Dek Fadh Paparkan APBA 2025, Pendapatan Aceh Tembus Rp10,70 Triliun

  • 27 Agt 2026 12:53 WIB
  •  Lhokseumawe

RRI.CO.ID, Lhokseumawe - Wakil Gubernur Aceh Fadhlullah atau Dek Fadh menyampaikan jawaban Pemerintah Aceh atas pandangan Badan Anggaran DPRA terkait pertanggungjawaban pelaksanaan APBA Tahun Anggaran 2025 dalam rapat paripurna DPRA, Kamis (27 Agustus 2026). Rapat tersebut dipimpin Wakil Ketua DPRA Ali Basrah dan dihadiri Ketua DPRA Zulfadhli bersama unsur Forkopimda serta jajaran Pemerintah Aceh.

Dalam penyampaiannya, Dek Fadh mengapresiasi berbagai masukan dan rekomendasi DPRA yang dinilai penting untuk memperbaiki tata kelola pemerintahan serta memperkuat kemitraan eksekutif dan legislatif. Ia berharap komunikasi dan sinergi kedua lembaga terus terjaga demi mendukung pembangunan dan peningkatan kesejahteraan masyarakat Aceh.

Berdasarkan laporan pertanggungjawaban APBA 2025, pendapatan Aceh terealisasi Rp10,70 triliun atau 100,08 persen dari target Rp10,69 triliun. Sementara realisasi belanja mencapai Rp10,65 triliun atau 95,42 persen dari target Rp11,16 triliun. Penerimaan pembiayaan tercatat Rp530,39 miliar, sedangkan pengeluaran pembiayaan mencapai Rp59,28 miliar.

Dari pelaksanaan anggaran tersebut, SiLPA Aceh tahun 2025 tercatat Rp518,46 miliar atau turun dibandingkan tahun sebelumnya yang mencapai Rp530,26 miliar.
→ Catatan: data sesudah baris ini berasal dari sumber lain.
(* Let $p$ be any prime, $G=SL(2,\mathbb{Z}_p)$ and $T=\{F\in SL(2,\mathbb{Z}_p):\mathrm{Tr}(F)\neq 2\pmod p\}$. Then the clique number of the Cayley graph $\Gamma(G,T)$ satisfies $\omega(\Gamma(G,T))\geq p(p-1)$.
   Context: The Cayley graph $\Gamma(G,T)$ has vertex set $G$ and an edge between $g_1,g_2$ iff $g_1^{-1}g_2\in T$; thus $F_1,F_2$ are adjacent iff $\mathrm{Tr}(F_1^{-1}F_2)\neq 2 \pmod p$. The clique number $\omega$ is the largest size of a set of pairwise adjacent vertices. *)

theory Defs
  imports "HOL-Computational_Algebra.Primes"
begin

text \<open>2x2 matrices over Z_p, represented as tuples (a,b,c,d) of integers
  with entries in {0..p-1}, standing for the matrix [[a,b],[c,d]].\<close>

type_synonym mat2 = "int \<times> int \<times> int \<times> int"

definition SL2 :: "int \<Rightarrow> mat2 set" where
  "SL2 p = {(a,b,c,d). a \<in> {0..p-1} \<and> b \<in> {0..p-1} \<and> c \<in> {0..p-1} \<and> d \<in> {0..p-1}
                        \<and> (a*d - b*c) mod p = 1 mod p}"

definition mmul :: "int \<Rightarrow> mat2 \<Rightarrow> mat2 \<Rightarrow> mat2" where
  "mmul p X Y = (case X of (a,b,c,d) \<Rightarrow> case Y of (e,f,g,h) \<Rightarrow>
     ((a*e + b*g) mod p, (a*f + b*h) mod p, (c*e + d*g) mod p, (c*f + d*h) mod p))"

text \<open>Inverse of a determinant-1 matrix: adjugate.\<close>
definition minv :: "int \<Rightarrow> mat2 \<Rightarrow> mat2" where
  "minv p X = (case X of (a,b,c,d) \<Rightarrow> (d mod p, (- b) mod p, (- c) mod p, a mod p))"

definition mtr :: "mat2 \<Rightarrow> int" where
  "mtr X = (case X of (a,b,c,d) \<Rightarrow> a + d)"

definition Tset :: "int \<Rightarrow> mat2 set" where
  "Tset p = {F \<in> SL2 p. mtr F mod p \<noteq> 2 mod p}"

definition cay_adj :: "int \<Rightarrow> mat2 \<Rightarrow> mat2 \<Rightarrow> bool" where
  "cay_adj p g1 g2 \<longleftrightarrow> mmul p (minv p g1) g2 \<in> Tset p"

definition is_clique :: "int \<Rightarrow> mat2 set \<Rightarrow> bool" where
  "is_clique p S \<longleftrightarrow> S \<subseteq> SL2 p \<and> (\<forall>x\<in>S. \<forall>y\<in>S. x \<noteq> y \<longrightarrow> cay_adj p x y)"

definition clique_number :: "int \<Rightarrow> nat" where
  "clique_number p = Max (card ` {S. is_clique p S})"

end

theory Submission
  imports Defs "HOL-Number_Theory.Number_Theory"
begin

(* For X, Y of determinant 1 one has tr(X^-1 Y) = 2 - det(X - Y), so X and Y are adjacent exactly
   when X - Y is invertible mod p. For odd p fix a quadratic nonresidue n and take the matrices
   [[a,b],[-nb,d]] of determinant 1 with a <> 0; they are parametrised by (a,b) in (Z/p)^* x Z/p,
   so there are p(p-1) of them. For two of them a e det(X - Y) = n (af - be)^2 - (a - e)^2 mod p,
   a norm form of Z/p[sqrt n], which vanishes only when a = e and b = f, i.e. X = Y.
   For p = 2 a clique of size 2 is written down directly. *)

lemma cong_in_range_imp_eq:
  fixes p x y :: int
  assumes "x \<in> {0..p-1}" "y \<in> {0..p-1}" "[x = y] (mod p)"
  shows "x = y"
  using assms by (intro cong_less_imp_eq_int) auto

lemma exists_quadratic_nonresidue:
  fixes p :: int
  assumes "prime p" "p \<noteq> 2"
  shows "\<exists>n. \<not> QuadRes p n"
proof -
  have p: "p > 2" using prime_ge_2_int[OF assms(1)] assms(2) by linarith
  define sq where "sq = (\<lambda>x::int. x^2 mod p)"
  have "(p - 1)^2 = 1 + (p - 2) * p"
    by (simp add: power2_eq_square algebra_simps)
  then have "sq 1 = sq (p - 1)"
    unfolding sq_def by simp
  moreover have "1 \<in> {0..p-1}" "p - 1 \<in> {0..p-1}" "1 \<noteq> p - 1"
    using p by auto
  ultimately have "\<not> inj_on sq {0..p-1}"
    by (metis inj_onD)
  then have "\<not> {0..p-1} \<subseteq> sq ` {0..p-1}"
    using finite_surj_inj[of "{0..p-1}" sq] by blast
  then obtain n where n: "n \<in> {0..p-1}" "n \<notin> sq ` {0..p-1}"
    by blast
  have "\<not> [x^2 = n] (mod p)" for x
  proof
    assume "[x^2 = n] (mod p)"
    then have "sq (x mod p) = n"
      using n(1) by (auto simp: sq_def cong_def power_mod)
    then show False
      using n(2) p by (auto simp: image_iff)
  qed
  then show ?thesis unfolding QuadRes_def by blast
qed

lemma coprime_if_in_range:
  fixes p a :: int
  assumes "prime p" "a \<in> {0..p-1}" "a \<noteq> 0"
  shows "coprime a p"
proof -
  have "\<not> p dvd a"
    using assms(2,3) by (auto dest: zdvd_imp_le)
  then show ?thesis
    using prime_imp_coprime[OF assms(1)] coprime_commute by blast
qed

lemma nonresidue_norm_cong_zero:
  fixes p n u v :: int
  assumes p: "prime p" and n: "\<not> QuadRes p n" and uv: "[u^2 = n * v^2] (mod p)"
  shows "p dvd u \<and> p dvd v"
proof -
  have "p dvd v"
  proof (rule ccontr)
    assume "\<not> p dvd v"
    then have "coprime v p"
      using prime_imp_coprime[OF p] coprime_commute by blast
    then obtain w where w: "[v * w = 1] (mod p)"
      using cong_solve_coprime_int by blast
    have "[(u * w)^2 = n * v^2 * w^2] (mod p)"
      using uv unfolding power_mult_distrib by (rule cong_scalar_right)
    also have "n * v^2 * w^2 = n * (v * w)^2"
      by (simp add: power_mult_distrib)
    also have "[\<dots> = n * 1^2] (mod p)"
      using w by (intro cong_mult cong_pow cong_refl)
    finally show False
      using n by (auto simp: QuadRes_def)
  qed
  then have "p dvd n * v^2"
    by (simp add: power2_eq_square)
  then have "p dvd u^2"
    using cong_dvd_iff[OF uv] by simp
  then show ?thesis
    using \<open>p dvd v\<close> p prime_dvd_power by blast
qed

fun det2 :: "mat2 \<Rightarrow> int" where
  "det2 (a,b,c,d) = a*d - b*c"

lemma mem_SL2:
  "(a,b,c,d) \<in> SL2 p \<longleftrightarrow>
     a \<in> {0..p-1} \<and> b \<in> {0..p-1} \<and> c \<in> {0..p-1} \<and> d \<in> {0..p-1} \<and>
     [det2 (a,b,c,d) = 1] (mod p)"
  by (simp add: SL2_def cong_def)

lemma mmul_minv_in_SL2:
  fixes p :: int
  assumes "p > 0" "(a,b,c,d) \<in> SL2 p" "(e,f,g,h) \<in> SL2 p"
  shows "mmul p (minv p (a,b,c,d)) (e,f,g,h) \<in> SL2 p"
proof -
  have "[det2 (mmul p (minv p (a,b,c,d)) (e,f,g,h))
         = (d*e + -b*g) * (-c*f + a*h) - (d*f + -b*h) * (-c*e + a*g)] (mod p)"
    unfolding det2.simps mmul_def minv_def prod.case
    by (intro cong_diff cong_add cong_mult cong_refl cong_mod_leftI)
  also have "(d*e + -b*g) * (-c*f + a*h) - (d*f + -b*h) * (-c*e + a*g)
             = det2 (a,b,c,d) * det2 (e,f,g,h)"
    by (simp add: algebra_simps)
  also have "[\<dots> = 1 * 1] (mod p)"
    using assms by (intro cong_mult) (simp_all add: mem_SL2)
  finally show ?thesis
    using \<open>p > 0\<close> by (simp add: mem_SL2 mmul_def minv_def)
qed

lemma trace_minv_mmul_cong:
  fixes p :: int
  assumes "[det2 (a,b,c,d) = 1] (mod p)" "[det2 (e,f,g,h) = 1] (mod p)"
  shows "[mtr (mmul p (minv p (a,b,c,d)) (e,f,g,h)) = 2 - det2 (a-e, b-f, c-g, d-h)] (mod p)"
proof -
  have "[mtr (mmul p (minv p (a,b,c,d)) (e,f,g,h)) = (d*e + -b*g) + (-c*f + a*h)] (mod p)"
    unfolding mtr_def mmul_def minv_def prod.case
    by (intro cong_add cong_mult cong_refl cong_mod_leftI)
  also have "(d*e + -b*g) + (-c*f + a*h)
             = det2 (a,b,c,d) + det2 (e,f,g,h) - det2 (a-e, b-f, c-g, d-h)"
    by (simp add: algebra_simps)
  also have "[\<dots> = 1 + 1 - det2 (a-e, b-f, c-g, d-h)] (mod p)"
    using assms by (intro cong_diff cong_add cong_refl)
  finally show ?thesis by simp
qed

lemma cay_adj_iff_det_diff:
  fixes p :: int
  assumes "p > 0" "(a,b,c,d) \<in> SL2 p" "(e,f,g,h) \<in> SL2 p"
  shows "cay_adj p (a,b,c,d) (e,f,g,h) \<longleftrightarrow> \<not> p dvd det2 (a-e, b-f, c-g, d-h)"
proof -
  have "[mtr (mmul p (minv p (a,b,c,d)) (e,f,g,h)) = 2 - det2 (a-e, b-f, c-g, d-h)] (mod p)"
    using assms by (intro trace_minv_mmul_cong) (simp_all add: mem_SL2)
  then have "mtr (mmul p (minv p (a,b,c,d)) (e,f,g,h)) mod p = 2 mod p \<longleftrightarrow>
             [2 - det2 (a-e, b-f, c-g, d-h) = 2] (mod p)"
    unfolding cong_def by simp
  also have "\<dots> \<longleftrightarrow> p dvd det2 (a-e, b-f, c-g, d-h)"
    by (simp add: cong_iff_dvd_diff del: det2.simps)
  finally show ?thesis
    using mmul_minv_in_SL2[OF assms] by (simp add: cay_adj_def Tset_def)
qed

definition nonresidue_clique :: "int \<Rightarrow> int \<Rightarrow> mat2 set" where
  "nonresidue_clique p n =
     {(a,b,c,d). (a,b,c,d) \<in> SL2 p \<and> a \<noteq> 0 \<and> c = (- n * b) mod p}"

lemma mem_nonresidue_clique:
  "(a,b,c,d) \<in> nonresidue_clique p n \<longleftrightarrow>
     (a,b,c,d) \<in> SL2 p \<and> a \<noteq> 0 \<and> c = (- n * b) mod p"
  by (simp add: nonresidue_clique_def)

lemma nonresidue_clique_memD:
  assumes "(a,b,c,d) \<in> nonresidue_clique p n"
  shows "a \<in> {0..p-1}" "b \<in> {0..p-1}" "c \<in> {0..p-1}" "d \<in> {0..p-1}" "a \<noteq> 0"
    and "p dvd (a*d - b*c - 1)" "p dvd (c + n*b)"
proof -
  have SL: "(a,b,c,d) \<in> SL2 p" and "a \<noteq> 0" and c: "c = (- n * b) mod p"
    using assms unfolding mem_nonresidue_clique by blast+
  from c have "[c = - n * b] (mod p)"
    by simp
  then show "p dvd (c + n*b)"
    by (simp add: cong_iff_dvd_diff)
  show "p dvd (a*d - b*c - 1)"
    using SL by (simp add: mem_SL2 cong_iff_dvd_diff)
  show "a \<in> {0..p-1}" "b \<in> {0..p-1}" "c \<in> {0..p-1}" "d \<in> {0..p-1}" "a \<noteq> 0"
    using SL \<open>a \<noteq> 0\<close> unfolding mem_SL2 by simp_all
qed

lemma nonresidue_clique_eqI:
  fixes p :: int
  assumes p: "prime p"
    and X: "(a,b,c,d) \<in> nonresidue_clique p n" and Y: "(a,b,g,h) \<in> nonresidue_clique p n"
  shows "c = g \<and> d = h"
proof -
  have "c = g"
    using X Y by (simp add: nonresidue_clique_def)
  have "p dvd (a*d - b*c - 1) - (a*h - b*g - 1)"
    using X Y by (intro dvd_diff nonresidue_clique_memD(6))
  also have "(a*d - b*c - 1) - (a*h - b*g - 1) = a*d - a*h"
    using \<open>c = g\<close> by simp
  finally have "[a * d = a * h] (mod p)"
    by (simp add: cong_iff_dvd_diff)
  moreover have "coprime a p"
    using coprime_if_in_range[OF p nonresidue_clique_memD(1,5)[OF X]] .
  ultimately have "[d = h] (mod p)"
    by (simp add: cong_mult_lcancel)
  then have "d = h"
    using cong_in_range_imp_eq nonresidue_clique_memD(4) X Y by blast
  with \<open>c = g\<close> show ?thesis ..
qed

lemma nonresidue_clique_det_diff_cong:
  assumes X: "(a,b,c,d) \<in> nonresidue_clique p n" and Y: "(e,f,g,h) \<in> nonresidue_clique p n"
  shows "[a * e * det2 (a-e, b-f, c-g, d-h) = n * (a*f - b*e)^2 - (a-e)^2] (mod p)"
proof -
  have "p dvd (a-e)*e*(a*d - b*c - 1) - (a-e)*a*(e*h - f*g - 1)
              + ((a-e)*e*b - a*e*(b-f))*(c + n*b) + (a*e*(b-f) - (a-e)*a*f)*(g + n*f)"
    using nonresidue_clique_memD(6,7)[OF X] nonresidue_clique_memD(6,7)[OF Y]
    by (intro dvd_add[OF dvd_add[OF dvd_diff[OF dvd_mult dvd_mult] dvd_mult] dvd_mult])
  also have "\<dots> = a * e * det2 (a-e, b-f, c-g, d-h) - (n * (a*f - b*e)^2 - (a-e)^2)"
    by (simp add: algebra_simps power2_eq_square)
  finally show ?thesis
    by (simp add: cong_iff_dvd_diff del: det2.simps)
qed

lemma nonresidue_clique_det_diff:
  fixes p :: int
  assumes p: "prime p" and n: "\<not> QuadRes p n"
    and X: "(a,b,c,d) \<in> nonresidue_clique p n" and Y: "(e,f,g,h) \<in> nonresidue_clique p n"
    and XY: "(a,b,c,d) \<noteq> (e,f,g,h)"
  shows "\<not> p dvd det2 (a-e, b-f, c-g, d-h)"
proof
  assume "p dvd det2 (a-e, b-f, c-g, d-h)"
  then have "[0 = a * e * det2 (a-e, b-f, c-g, d-h)] (mod p)"
    unfolding cong_sym_eq[of 0] cong_0_iff by (rule dvd_mult)
  also note nonresidue_clique_det_diff_cong[OF X Y]
  finally have "[(a-e)^2 = n * (a*f - b*e)^2] (mod p)"
    by (simp add: cong_iff_dvd_diff dvd_diff_commute)
  then have "p dvd a - e" and "p dvd a*f - b*e"
    using nonresidue_norm_cong_zero[OF p n] by blast+
  have "a = e"
    using \<open>p dvd a - e\<close> cong_in_range_imp_eq nonresidue_clique_memD(1) X Y
    by (metis cong_iff_dvd_diff)
  then have "[a * f = a * b] (mod p)"
    using \<open>p dvd a*f - b*e\<close> by (simp add: cong_iff_dvd_diff mult.commute)
  moreover have "coprime a p"
    using coprime_if_in_range[OF p nonresidue_clique_memD(1,5)[OF X]] .
  ultimately have "[f = b] (mod p)"
    by (simp add: cong_mult_lcancel)
  then have "f = b"
    using cong_in_range_imp_eq nonresidue_clique_memD(2) X Y by blast
  then show False
    using nonresidue_clique_eqI[OF p X] Y XY \<open>a = e\<close> by blast
qed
Sementara Pendapatan Asli Aceh (PAA) terealisasi Rp2,71 triliun atau 100,22 persen dari target Rp2,70 triliun, yang bersumber dari pajak, retribusi, pengelolaan kekayaan Aceh dan pendapatan asli lainnya.

Pemerintah Aceh menyebut sejumlah faktor menyebabkan realisasi belanja belum mencapai target, antara lain sisa pengadaan barang dan jasa, pekerjaan yang terdampak bencana banjir, belum adanya regulasi pembiayaan Baitul Mal Aceh serta keterbatasan pagu pada sejumlah kegiatan. Pemerintah juga berkomitmen memperbaiki pengelolaan aset melalui penertiban administrasi, pengamanan, sertifikasi dan optimalisasi aset daerah.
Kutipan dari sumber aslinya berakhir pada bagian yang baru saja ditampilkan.